EXERCISE INSTRUCTIONS:
I need every line that includes the word "notin" copied from the material.
....................
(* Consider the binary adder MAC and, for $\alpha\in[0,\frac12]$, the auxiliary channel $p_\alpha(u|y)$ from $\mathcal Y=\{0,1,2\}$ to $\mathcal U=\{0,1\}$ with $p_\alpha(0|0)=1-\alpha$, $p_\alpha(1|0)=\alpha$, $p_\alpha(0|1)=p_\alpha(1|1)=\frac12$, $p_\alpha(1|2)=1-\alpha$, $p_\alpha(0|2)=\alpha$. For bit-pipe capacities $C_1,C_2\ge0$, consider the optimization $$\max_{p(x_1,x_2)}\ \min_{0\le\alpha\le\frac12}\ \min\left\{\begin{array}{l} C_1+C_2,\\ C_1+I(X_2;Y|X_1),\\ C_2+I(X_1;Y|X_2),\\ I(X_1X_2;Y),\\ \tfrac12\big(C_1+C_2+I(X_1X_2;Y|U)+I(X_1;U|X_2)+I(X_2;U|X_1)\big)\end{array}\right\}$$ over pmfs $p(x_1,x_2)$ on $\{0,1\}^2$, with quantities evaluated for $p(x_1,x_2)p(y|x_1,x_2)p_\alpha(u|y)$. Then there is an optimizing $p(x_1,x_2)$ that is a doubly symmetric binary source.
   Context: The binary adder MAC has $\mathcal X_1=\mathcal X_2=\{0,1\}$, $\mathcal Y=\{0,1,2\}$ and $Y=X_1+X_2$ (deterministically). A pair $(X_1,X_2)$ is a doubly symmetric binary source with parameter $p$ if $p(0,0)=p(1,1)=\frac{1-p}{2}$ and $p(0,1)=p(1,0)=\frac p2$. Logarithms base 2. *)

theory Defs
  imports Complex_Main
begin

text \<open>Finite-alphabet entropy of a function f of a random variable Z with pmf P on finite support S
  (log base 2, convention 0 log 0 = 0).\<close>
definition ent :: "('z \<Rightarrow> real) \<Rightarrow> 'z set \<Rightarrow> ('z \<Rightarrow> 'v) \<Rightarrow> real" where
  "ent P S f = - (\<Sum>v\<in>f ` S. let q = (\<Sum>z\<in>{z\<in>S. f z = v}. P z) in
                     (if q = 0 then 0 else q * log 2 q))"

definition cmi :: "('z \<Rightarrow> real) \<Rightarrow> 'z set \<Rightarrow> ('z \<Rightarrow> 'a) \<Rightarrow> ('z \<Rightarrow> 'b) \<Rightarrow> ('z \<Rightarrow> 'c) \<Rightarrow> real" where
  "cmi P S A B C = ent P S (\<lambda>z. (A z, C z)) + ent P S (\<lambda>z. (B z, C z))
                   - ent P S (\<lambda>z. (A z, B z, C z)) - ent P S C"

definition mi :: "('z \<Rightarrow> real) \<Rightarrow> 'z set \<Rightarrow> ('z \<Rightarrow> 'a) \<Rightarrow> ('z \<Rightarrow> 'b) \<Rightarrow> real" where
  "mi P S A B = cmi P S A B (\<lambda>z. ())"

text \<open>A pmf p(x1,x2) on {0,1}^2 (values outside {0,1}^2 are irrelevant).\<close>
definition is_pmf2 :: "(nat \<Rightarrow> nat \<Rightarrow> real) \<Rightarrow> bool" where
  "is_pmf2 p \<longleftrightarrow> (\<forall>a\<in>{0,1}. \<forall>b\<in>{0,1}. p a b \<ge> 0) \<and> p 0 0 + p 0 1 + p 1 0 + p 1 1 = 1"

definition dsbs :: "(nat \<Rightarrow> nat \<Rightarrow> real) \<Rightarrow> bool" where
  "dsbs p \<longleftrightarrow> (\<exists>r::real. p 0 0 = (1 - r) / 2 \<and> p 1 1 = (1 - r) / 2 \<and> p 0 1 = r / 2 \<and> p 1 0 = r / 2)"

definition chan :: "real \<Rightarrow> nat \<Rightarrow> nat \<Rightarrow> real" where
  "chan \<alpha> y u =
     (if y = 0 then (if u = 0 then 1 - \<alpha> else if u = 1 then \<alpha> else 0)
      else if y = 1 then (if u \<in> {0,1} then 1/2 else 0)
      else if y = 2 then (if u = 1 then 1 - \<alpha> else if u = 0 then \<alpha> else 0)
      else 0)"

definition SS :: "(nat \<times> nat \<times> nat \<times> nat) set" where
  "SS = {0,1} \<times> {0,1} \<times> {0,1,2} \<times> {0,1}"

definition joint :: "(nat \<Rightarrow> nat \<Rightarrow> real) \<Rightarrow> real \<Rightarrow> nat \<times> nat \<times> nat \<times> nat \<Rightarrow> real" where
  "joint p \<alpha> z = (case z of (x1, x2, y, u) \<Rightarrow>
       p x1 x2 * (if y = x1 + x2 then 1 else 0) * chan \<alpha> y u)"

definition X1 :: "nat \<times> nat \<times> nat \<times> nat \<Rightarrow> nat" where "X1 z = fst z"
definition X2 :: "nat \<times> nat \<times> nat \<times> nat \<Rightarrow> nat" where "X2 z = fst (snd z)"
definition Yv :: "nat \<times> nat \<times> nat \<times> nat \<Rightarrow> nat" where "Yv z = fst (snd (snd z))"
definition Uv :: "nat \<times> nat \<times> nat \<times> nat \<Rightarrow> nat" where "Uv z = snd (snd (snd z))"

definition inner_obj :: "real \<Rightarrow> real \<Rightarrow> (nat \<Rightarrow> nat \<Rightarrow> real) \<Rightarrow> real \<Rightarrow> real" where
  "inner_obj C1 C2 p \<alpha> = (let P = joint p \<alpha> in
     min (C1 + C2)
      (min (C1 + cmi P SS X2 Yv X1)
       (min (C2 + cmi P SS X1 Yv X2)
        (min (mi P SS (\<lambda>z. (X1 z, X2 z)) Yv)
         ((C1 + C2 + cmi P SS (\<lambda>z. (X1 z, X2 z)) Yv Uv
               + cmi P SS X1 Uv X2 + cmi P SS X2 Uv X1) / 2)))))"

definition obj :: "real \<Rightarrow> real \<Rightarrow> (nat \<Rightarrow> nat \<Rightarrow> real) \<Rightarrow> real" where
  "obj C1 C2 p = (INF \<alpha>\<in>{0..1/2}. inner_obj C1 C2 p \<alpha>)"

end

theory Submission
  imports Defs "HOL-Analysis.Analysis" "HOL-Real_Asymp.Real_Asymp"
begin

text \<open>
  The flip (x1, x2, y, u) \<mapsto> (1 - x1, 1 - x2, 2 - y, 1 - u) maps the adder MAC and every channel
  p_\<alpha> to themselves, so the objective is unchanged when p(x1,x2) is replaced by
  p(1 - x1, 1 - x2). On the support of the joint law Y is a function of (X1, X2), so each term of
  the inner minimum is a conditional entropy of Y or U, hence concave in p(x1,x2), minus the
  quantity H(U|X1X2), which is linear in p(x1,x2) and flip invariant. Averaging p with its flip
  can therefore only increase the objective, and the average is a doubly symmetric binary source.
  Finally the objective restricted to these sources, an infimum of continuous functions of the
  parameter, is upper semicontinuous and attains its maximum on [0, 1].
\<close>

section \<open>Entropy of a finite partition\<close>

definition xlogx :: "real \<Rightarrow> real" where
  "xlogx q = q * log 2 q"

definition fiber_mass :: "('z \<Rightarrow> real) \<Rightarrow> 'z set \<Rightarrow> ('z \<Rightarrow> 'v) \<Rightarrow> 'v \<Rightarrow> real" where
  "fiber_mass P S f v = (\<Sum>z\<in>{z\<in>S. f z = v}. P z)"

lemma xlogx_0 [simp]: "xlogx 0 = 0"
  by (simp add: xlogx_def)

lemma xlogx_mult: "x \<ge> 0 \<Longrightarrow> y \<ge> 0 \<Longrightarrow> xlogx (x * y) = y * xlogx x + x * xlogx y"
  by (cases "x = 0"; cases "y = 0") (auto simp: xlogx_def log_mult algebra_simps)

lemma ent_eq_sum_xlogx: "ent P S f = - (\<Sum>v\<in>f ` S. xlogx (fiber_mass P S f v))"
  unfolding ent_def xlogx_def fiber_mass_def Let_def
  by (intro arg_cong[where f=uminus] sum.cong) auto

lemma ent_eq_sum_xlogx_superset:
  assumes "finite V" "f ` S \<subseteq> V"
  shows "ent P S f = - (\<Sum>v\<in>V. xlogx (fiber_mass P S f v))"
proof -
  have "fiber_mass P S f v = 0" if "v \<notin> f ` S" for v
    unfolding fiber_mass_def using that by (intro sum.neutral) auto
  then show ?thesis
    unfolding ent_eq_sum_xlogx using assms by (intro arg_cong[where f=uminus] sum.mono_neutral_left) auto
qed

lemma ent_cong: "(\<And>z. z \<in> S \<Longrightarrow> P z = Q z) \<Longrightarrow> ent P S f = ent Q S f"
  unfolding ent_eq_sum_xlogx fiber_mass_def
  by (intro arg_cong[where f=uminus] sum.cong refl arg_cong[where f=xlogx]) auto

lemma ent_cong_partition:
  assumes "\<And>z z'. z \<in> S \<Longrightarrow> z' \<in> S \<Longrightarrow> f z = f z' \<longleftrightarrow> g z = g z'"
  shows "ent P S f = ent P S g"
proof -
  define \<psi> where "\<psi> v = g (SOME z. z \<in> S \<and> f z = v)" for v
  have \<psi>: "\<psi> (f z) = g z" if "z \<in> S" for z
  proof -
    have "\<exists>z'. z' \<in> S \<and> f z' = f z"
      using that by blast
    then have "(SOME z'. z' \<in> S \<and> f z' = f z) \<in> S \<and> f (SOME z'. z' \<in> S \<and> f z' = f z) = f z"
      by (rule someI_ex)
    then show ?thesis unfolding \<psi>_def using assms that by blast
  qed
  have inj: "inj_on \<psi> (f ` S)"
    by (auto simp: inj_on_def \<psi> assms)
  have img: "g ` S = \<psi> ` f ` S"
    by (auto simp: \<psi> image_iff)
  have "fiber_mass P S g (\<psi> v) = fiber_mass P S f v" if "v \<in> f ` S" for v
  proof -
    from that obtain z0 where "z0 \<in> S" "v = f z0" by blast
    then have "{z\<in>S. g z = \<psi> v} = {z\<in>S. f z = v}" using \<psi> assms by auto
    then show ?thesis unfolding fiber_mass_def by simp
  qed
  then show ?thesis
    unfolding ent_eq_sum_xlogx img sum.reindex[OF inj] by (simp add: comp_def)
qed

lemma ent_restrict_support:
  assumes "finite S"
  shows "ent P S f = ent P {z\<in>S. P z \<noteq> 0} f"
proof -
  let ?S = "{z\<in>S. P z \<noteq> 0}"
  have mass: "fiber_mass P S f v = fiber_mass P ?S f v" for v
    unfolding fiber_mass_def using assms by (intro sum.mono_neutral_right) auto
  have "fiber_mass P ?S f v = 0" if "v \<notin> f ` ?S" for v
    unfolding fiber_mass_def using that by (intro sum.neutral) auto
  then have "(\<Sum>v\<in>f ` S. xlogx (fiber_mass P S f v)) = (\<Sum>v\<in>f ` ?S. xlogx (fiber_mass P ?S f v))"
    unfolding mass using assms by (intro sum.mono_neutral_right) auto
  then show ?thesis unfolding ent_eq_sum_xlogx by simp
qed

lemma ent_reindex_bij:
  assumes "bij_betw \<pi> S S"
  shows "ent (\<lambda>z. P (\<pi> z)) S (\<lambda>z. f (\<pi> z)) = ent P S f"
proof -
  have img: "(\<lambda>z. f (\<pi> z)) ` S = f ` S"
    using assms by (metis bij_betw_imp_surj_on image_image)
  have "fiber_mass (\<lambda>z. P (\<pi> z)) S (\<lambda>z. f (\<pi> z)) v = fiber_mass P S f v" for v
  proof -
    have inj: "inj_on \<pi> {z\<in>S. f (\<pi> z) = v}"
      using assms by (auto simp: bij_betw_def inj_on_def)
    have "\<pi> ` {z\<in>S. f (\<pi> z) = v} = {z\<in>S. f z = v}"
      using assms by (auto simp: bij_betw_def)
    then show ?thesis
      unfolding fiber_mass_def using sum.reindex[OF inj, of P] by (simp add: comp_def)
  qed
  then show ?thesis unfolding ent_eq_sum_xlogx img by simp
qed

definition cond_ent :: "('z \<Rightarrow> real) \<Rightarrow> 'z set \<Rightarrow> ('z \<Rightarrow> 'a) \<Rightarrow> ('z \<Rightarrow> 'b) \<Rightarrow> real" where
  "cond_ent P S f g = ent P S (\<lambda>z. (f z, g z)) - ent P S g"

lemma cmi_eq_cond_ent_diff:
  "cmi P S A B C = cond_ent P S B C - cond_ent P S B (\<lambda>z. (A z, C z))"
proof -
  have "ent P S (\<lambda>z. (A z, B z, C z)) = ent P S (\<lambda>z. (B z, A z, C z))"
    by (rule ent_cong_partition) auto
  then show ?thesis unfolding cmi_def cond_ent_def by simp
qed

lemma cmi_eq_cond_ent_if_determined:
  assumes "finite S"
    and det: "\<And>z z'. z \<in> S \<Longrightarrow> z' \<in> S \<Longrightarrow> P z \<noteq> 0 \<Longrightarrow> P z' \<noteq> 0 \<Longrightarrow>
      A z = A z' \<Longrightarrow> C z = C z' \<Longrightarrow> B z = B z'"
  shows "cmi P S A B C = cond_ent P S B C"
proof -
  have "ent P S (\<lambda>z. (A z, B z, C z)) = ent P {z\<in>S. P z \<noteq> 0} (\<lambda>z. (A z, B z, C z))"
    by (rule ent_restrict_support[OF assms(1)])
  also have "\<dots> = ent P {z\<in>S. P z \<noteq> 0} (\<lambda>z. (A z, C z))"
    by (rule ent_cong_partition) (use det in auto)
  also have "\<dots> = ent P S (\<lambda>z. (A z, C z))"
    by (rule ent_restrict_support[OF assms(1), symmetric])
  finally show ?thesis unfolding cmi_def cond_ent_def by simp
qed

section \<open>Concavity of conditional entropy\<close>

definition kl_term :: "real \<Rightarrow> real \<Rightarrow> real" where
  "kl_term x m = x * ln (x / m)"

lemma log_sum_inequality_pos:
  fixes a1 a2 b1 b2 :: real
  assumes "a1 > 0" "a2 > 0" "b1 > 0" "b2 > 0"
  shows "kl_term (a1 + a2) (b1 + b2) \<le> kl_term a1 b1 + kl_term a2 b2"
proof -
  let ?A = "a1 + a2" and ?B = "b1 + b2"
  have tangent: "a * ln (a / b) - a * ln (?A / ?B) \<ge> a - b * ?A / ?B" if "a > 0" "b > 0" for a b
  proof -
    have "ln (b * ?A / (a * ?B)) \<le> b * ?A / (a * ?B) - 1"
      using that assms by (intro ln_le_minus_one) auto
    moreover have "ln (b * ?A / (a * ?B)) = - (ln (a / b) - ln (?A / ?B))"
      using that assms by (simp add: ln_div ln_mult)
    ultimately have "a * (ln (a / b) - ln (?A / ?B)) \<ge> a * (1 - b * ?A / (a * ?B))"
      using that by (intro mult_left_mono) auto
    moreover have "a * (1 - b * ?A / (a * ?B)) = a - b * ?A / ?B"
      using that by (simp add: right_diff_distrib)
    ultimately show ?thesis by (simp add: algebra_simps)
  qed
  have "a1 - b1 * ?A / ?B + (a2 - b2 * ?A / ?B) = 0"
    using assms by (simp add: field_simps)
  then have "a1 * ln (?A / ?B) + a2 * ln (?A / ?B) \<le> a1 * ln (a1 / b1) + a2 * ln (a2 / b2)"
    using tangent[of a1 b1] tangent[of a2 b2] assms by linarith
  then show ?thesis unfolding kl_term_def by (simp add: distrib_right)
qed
....................
SOLUTION:
  have "fiber_mass P S f v = 0" if "v \<notin> f ` S" for v
  have "fiber_mass P ?S f v = 0" if "v \<notin> f ` ?S" for v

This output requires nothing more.